# EXERCISE GOAL:
Go through the material and copy every line in which "auto" appears.

# GIVEN INFORMATION:
(* Let $J\subseteq S$, and define the relation $\Theta$ on $\mathfrak{S}_n^J$ by $(w,w')\in\Theta$ if and only if $\Pi_\downarrow^J(w)=\Pi_\downarrow^J(w')$. Then $\Theta$ is a lattice congruence on the lattice $\mathrm{Weak}(\mathfrak{S}_n^J)=[e,w_\circ^J]$, and the corresponding quotient lattice is (isomorphic to) $\mathcal{T}_n^J$, the set $\mathfrak{S}_n^J(231)$ ordered by $\le_S$.
   Context: $\mathfrak{S}_n$ is the symmetric group on $[n]$, $s_i=(i,i+1)$, $S=\{s_1,\dots,s_{n-1}\}$, one-line notation $w=w_1\cdots w_n$, $\mathrm{inv}(w)=\{(i,j):i<j,\ w_i>w_j\}$, weak order $u\le_S v\iff\mathrm{inv}(u)\subseteq\mathrm{inv}(v)$. For $J\subseteq S$, $\mathfrak{S}_n^J$ is the set of $w$ with $w_i<w_{i+1}$ whenever $s_i\in J$; with the restricted order it is the weak order interval $[e,w_\circ^J]$, where $w_\circ^J$ is the longest element of $\mathfrak{S}_n^J$, and in particular a lattice. Writing $J=S\setminus\{s_{j_1},\dots,s_{j_r}\}$ with $j_1<\dots<j_r$, the $J$-regions are $\{1,\dots,j_1\},\{j_1+1,\dots,j_2\},\dots,\{j_r+1,\dots,n\}$. $\mathfrak{S}_n^J(231)$ is the set of $w\in\mathfrak{S}_n^J$ admitting no indices $i<j<k$ in pairwise different $J$-regions with $w_k<w_i<w_j$ and $w_i=w_k+1$. For $w\in\mathfrak{S}_n^J$, $\Pi_\downarrow^J(w)$ is the unique greatest element of $\mathfrak{S}_n^J(231)$ that is $\le_S w$ (it exists). A lattice congruence on a lattice $L$ is an equivalence relation $\Theta$ such that $x\,\Theta\,y$ implies $(x\wedge z)\,\Theta\,(y\wedge z)$ and $(x\vee z)\,\Theta\,(y\vee z)$ for all $z\in L$; $L/\Theta$ is the lattice of classes with induced operations. *)

theory Defs
  imports "HOL-Combinatorics.Permutations"
begin

text \<open>Permutations of [n] are functions nat => nat permuting {1..n} (identity elsewhere);
  w i is the i-th letter of the one-line notation. The simple reflection s_i is encoded
  by the index i, so J is a subset of {1..<n}.\<close>

definition Sym :: "nat \<Rightarrow> (nat \<Rightarrow> nat) set" where
  "Sym n = {w. w permutes {1..n}}"

definition inv_set :: "nat \<Rightarrow> (nat \<Rightarrow> nat) \<Rightarrow> (nat \<times> nat) set" where
  "inv_set n w = {(i,j). 1 \<le> i \<and> i < j \<and> j \<le> n \<and> w i > w j}"

definition weak_le :: "nat \<Rightarrow> (nat \<Rightarrow> nat) \<Rightarrow> (nat \<Rightarrow> nat) \<Rightarrow> bool" where
  "weak_le n u v \<longleftrightarrow> inv_set n u \<subseteq> inv_set n v"

definition SymJ :: "nat \<Rightarrow> nat set \<Rightarrow> (nat \<Rightarrow> nat) set" where
  "SymJ n J = {w \<in> Sym n. \<forall>i\<in>J. w i < w (Suc i)}"

definition same_region :: "nat set \<Rightarrow> nat \<Rightarrow> nat \<Rightarrow> bool" where
  "same_region J i k \<longleftrightarrow> (\<forall>m. min i k \<le> m \<and> m < max i k \<longrightarrow> m \<in> J)"

definition avoids231 :: "nat \<Rightarrow> nat set \<Rightarrow> (nat \<Rightarrow> nat) \<Rightarrow> bool" where
  "avoids231 n J w \<longleftrightarrow> \<not> (\<exists>i j k. 1 \<le> i \<and> i < j \<and> j < k \<and> k \<le> n \<and>
      \<not> same_region J i j \<and> \<not> same_region J j k \<and> \<not> same_region J i k \<and>
      w k < w i \<and> w i < w j \<and> w i = w k + 1)"

definition SymJ231 :: "nat \<Rightarrow> nat set \<Rightarrow> (nat \<Rightarrow> nat) set" where
  "SymJ231 n J = {w \<in> SymJ n J. avoids231 n J w}"

definition Pi_down :: "nat \<Rightarrow> nat set \<Rightarrow> (nat \<Rightarrow> nat) \<Rightarrow> (nat \<Rightarrow> nat)" where
  "Pi_down n J w = (THE u. u \<in> SymJ231 n J \<and> weak_le n u w \<and>
      (\<forall>v\<in>SymJ231 n J. weak_le n v w \<longrightarrow> weak_le n v u))"

definition Theta :: "nat \<Rightarrow> nat set \<Rightarrow> ((nat \<Rightarrow> nat) \<times> (nat \<Rightarrow> nat)) set" where
  "Theta n J = {(w,w'). w \<in> SymJ n J \<and> w' \<in> SymJ n J \<and> Pi_down n J w = Pi_down n J w'}"

definition is_meet :: "'a set \<Rightarrow> ('a \<Rightarrow> 'a \<Rightarrow> bool) \<Rightarrow> 'a \<Rightarrow> 'a \<Rightarrow> 'a \<Rightarrow> bool" where
  "is_meet A le x y m \<longleftrightarrow> m \<in> A \<and> le m x \<and> le m y \<and> (\<forall>z\<in>A. le z x \<and> le z y \<longrightarrow> le z m)"

definition is_join :: "'a set \<Rightarrow> ('a \<Rightarrow> 'a \<Rightarrow> bool) \<Rightarrow> 'a \<Rightarrow> 'a \<Rightarrow> 'a \<Rightarrow> bool" where
  "is_join A le x y m \<longleftrightarrow> m \<in> A \<and> le x m \<and> le y m \<and> (\<forall>z\<in>A. le x z \<and> le y z \<longrightarrow> le m z)"

definition is_lattice :: "'a set \<Rightarrow> ('a \<Rightarrow> 'a \<Rightarrow> bool) \<Rightarrow> bool" where
  "is_lattice A le \<longleftrightarrow>
     (\<forall>x\<in>A. le x x) \<and> (\<forall>x\<in>A. \<forall>y\<in>A. le x y \<and> le y x \<longrightarrow> x = y) \<and>
     (\<forall>x\<in>A. \<forall>y\<in>A. \<forall>z\<in>A. le x y \<and> le y z \<longrightarrow> le x z) \<and>
     (\<forall>x\<in>A. \<forall>y\<in>A. (\<exists>m. is_meet A le x y m) \<and> (\<exists>m. is_join A le x y m))"

definition lattice_congruence :: "'a set \<Rightarrow> ('a \<Rightarrow> 'a \<Rightarrow> bool) \<Rightarrow> ('a \<times> 'a) set \<Rightarrow> bool" where
  "lattice_congruence A le R \<longleftrightarrow> equiv A R \<and>
     (\<forall>x y z m m'. (x,y) \<in> R \<and> z \<in> A \<and> is_meet A le x z m \<and> is_meet A le y z m' \<longrightarrow> (m,m') \<in> R) \<and>
     (\<forall>x y z m m'. (x,y) \<in> R \<and> z \<in> A \<and> is_join A le x z m \<and> is_join A le y z m' \<longrightarrow> (m,m') \<in> R)"

text \<open>Order of the quotient lattice A/R with induced operations: C \<le> D iff C \<and> D = C,
  i.e. the meet of representatives lies in C.\<close>
definition quot_le :: "'a set \<Rightarrow> ('a \<Rightarrow> 'a \<Rightarrow> bool) \<Rightarrow> 'a set \<Rightarrow> 'a set \<Rightarrow> bool" where
  "quot_le A le C D \<longleftrightarrow> (\<exists>x\<in>C. \<exists>y\<in>D. \<exists>m. is_meet A le x y m \<and> m \<in> C)"

end

theory Submission
  imports Defs
begin

text \<open>
  A set of pairs i < k in {1..n} is the inversion set of a permutation iff it is transitive and
  co-transitive ((i,k) inverted and i < j < k force (i,j) or (j,k) inverted), and then the
  permutation is unique. Hence in the weak order on \<open>SymJ n J\<close> the join of a family is realized by
  the transitive closure of the union of their inversion sets, and a meet is the join of all common
  lower bounds.

  Call (i,m), with m outside the J-region of i, a prefix inversion of w if i is inverted with every
  position q in (i,m] lying outside the J-region of i. The transitive closure of the prefix inversions of w is the inversion set of
  \<open>Pi_down w\<close>, because a permutation avoids the parabolic 231 pattern exactly when its inversion set
  is generated by its prefix inversions. Hence \<open>Theta\<close>-classes are the fibres of w \<mapsto> prefix
  inversions of w. Compatibility with meets holds for the kernel of any projection onto greatest lower
  elements; compatibility with joins holds because the prefix inversions of the join of x and z
  are determined by those of x and z. The quotient is then isomorphic to the image of the projection.
\<close>

definition kernel_on :: "'a set \<Rightarrow> ('a \<Rightarrow> 'b) \<Rightarrow> ('a \<times> 'a) set" where
  "kernel_on A f = {(x,y). x \<in> A \<and> y \<in> A \<and> f x = f y}"

lemma equiv_kernel_on: "equiv A (kernel_on A f)"
  by (rule equivI) (auto simp: kernel_on_def refl_on_def sym_def trans_def)

lemma kernel_on_Image: "kernel_on A f `` {x} = (if x \<in> A then {y \<in> A. f y = f x} else {})"
  by (auto simp: kernel_on_def)

locale down_projection =
  fixes A :: "'a set" and le :: "'a \<Rightarrow> 'a \<Rightarrow> bool" and B :: "'a set" and p :: "'a \<Rightarrow> 'a"
  assumes le_refl: "x \<in> A \<Longrightarrow> le x x"
    and le_antisym: "x \<in> A \<Longrightarrow> y \<in> A \<Longrightarrow> le x y \<Longrightarrow> le y x \<Longrightarrow> x = y"
    and le_trans: "x \<in> A \<Longrightarrow> y \<in> A \<Longrightarrow> z \<in> A \<Longrightarrow> le x y \<Longrightarrow> le y z \<Longrightarrow> le x z"
    and B_subset: "B \<subseteq> A"
    and p_in: "w \<in> A \<Longrightarrow> p w \<in> B"
    and p_le: "w \<in> A \<Longrightarrow> le (p w) w"
    and p_greatest: "w \<in> A \<Longrightarrow> b \<in> B \<Longrightarrow> le b w \<Longrightarrow> le b (p w)"
begin

lemma p_in_A: "w \<in> A \<Longrightarrow> p w \<in> A"
  using p_in B_subset by blast

lemma p_fixes:
  assumes "b \<in> B"
  shows "p b = b"
proof -
  have b: "b \<in> A"
    using assms B_subset by blast
  show ?thesis
    using le_antisym[OF p_in_A[OF b] b p_le[OF b] p_greatest[OF b assms le_refl[OF b]]] .
qed

lemma p_mono:
  assumes "x \<in> A" "y \<in> A" "le x y"
  shows "le (p x) (p y)"
  using p_greatest[OF assms(2) p_in[OF assms(1)] le_trans[OF p_in_A[OF assms(1)] assms(1,2) p_le[OF assms(1)] assms(3)]] .

lemma p_meet_le:
  assumes "p x = p y" and m: "is_meet A le x z m" and m': "is_meet A le y z m'"
    and x: "x \<in> A" and y: "y \<in> A" and z: "z \<in> A"
  shows "le (p m) (p m')"
proof -
  have mA: "m \<in> A" "m' \<in> A" and mx: "le m x" and mz: "le m z"
    using m m' by (auto simp: is_meet_def)
  have pm: "p m \<in> A" "le (p m) m"
    using p_in_A p_le mA by auto
  have "le (p m) (p y)"
    using p_mono[OF mA(1) x mx] \<open>p x = p y\<close> by simp
  then have "le (p m) y"
    using le_trans[OF pm(1) p_in_A[OF y] y _ p_le[OF y]] by blast
  moreover have "le (p m) z"
    using le_trans[OF pm(1) mA(1) z pm(2) mz] .
  ultimately have "le (p m) m'"
    using m' pm(1) unfolding is_meet_def by blast
  then show ?thesis
    using p_greatest[OF mA(2) p_in[OF mA(1)]] by blast
qed

lemma kernel_meet_compatible:
  assumes "(x,y) \<in> kernel_on A p" "z \<in> A" "is_meet A le x z m" "is_meet A le y z m'"
  shows "(m,m') \<in> kernel_on A p"
proof -
  have "x \<in> A" "y \<in> A" "p x = p y"
    using assms(1) by (auto simp: kernel_on_def)
  moreover have "m \<in> A" "m' \<in> A"
    using assms(3,4) by (auto simp: is_meet_def)
  ultimately show ?thesis
    using p_meet_le[of x y z m m'] p_meet_le[of y x z m' m] assms(2-4) le_antisym p_in_A
    by (auto simp: kernel_on_def)
qed

lemma kernel_class_cases:
  assumes "C \<in> A // kernel_on A p"
  obtains c where "c \<in> A" "C = {y \<in> A. p y = p c}"
  using assms by (auto elim!: quotientE simp: kernel_on_Image)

# ANSWER SPACE:
  by (rule equivI) (auto simp: kernel_on_def refl_on_def sym_def trans_def)
  by (auto simp: kernel_on_def)
    using m m' by (auto simp: is_meet_def)
    using p_in_A p_le mA by auto
    using assms(1) by (auto simp: kernel_on_def)
    using assms(3,4) by (auto simp: is_meet_def)
    by (auto simp: kernel_on_def)
  using assms by (auto elim!: quotientE simp: kernel_on_Image)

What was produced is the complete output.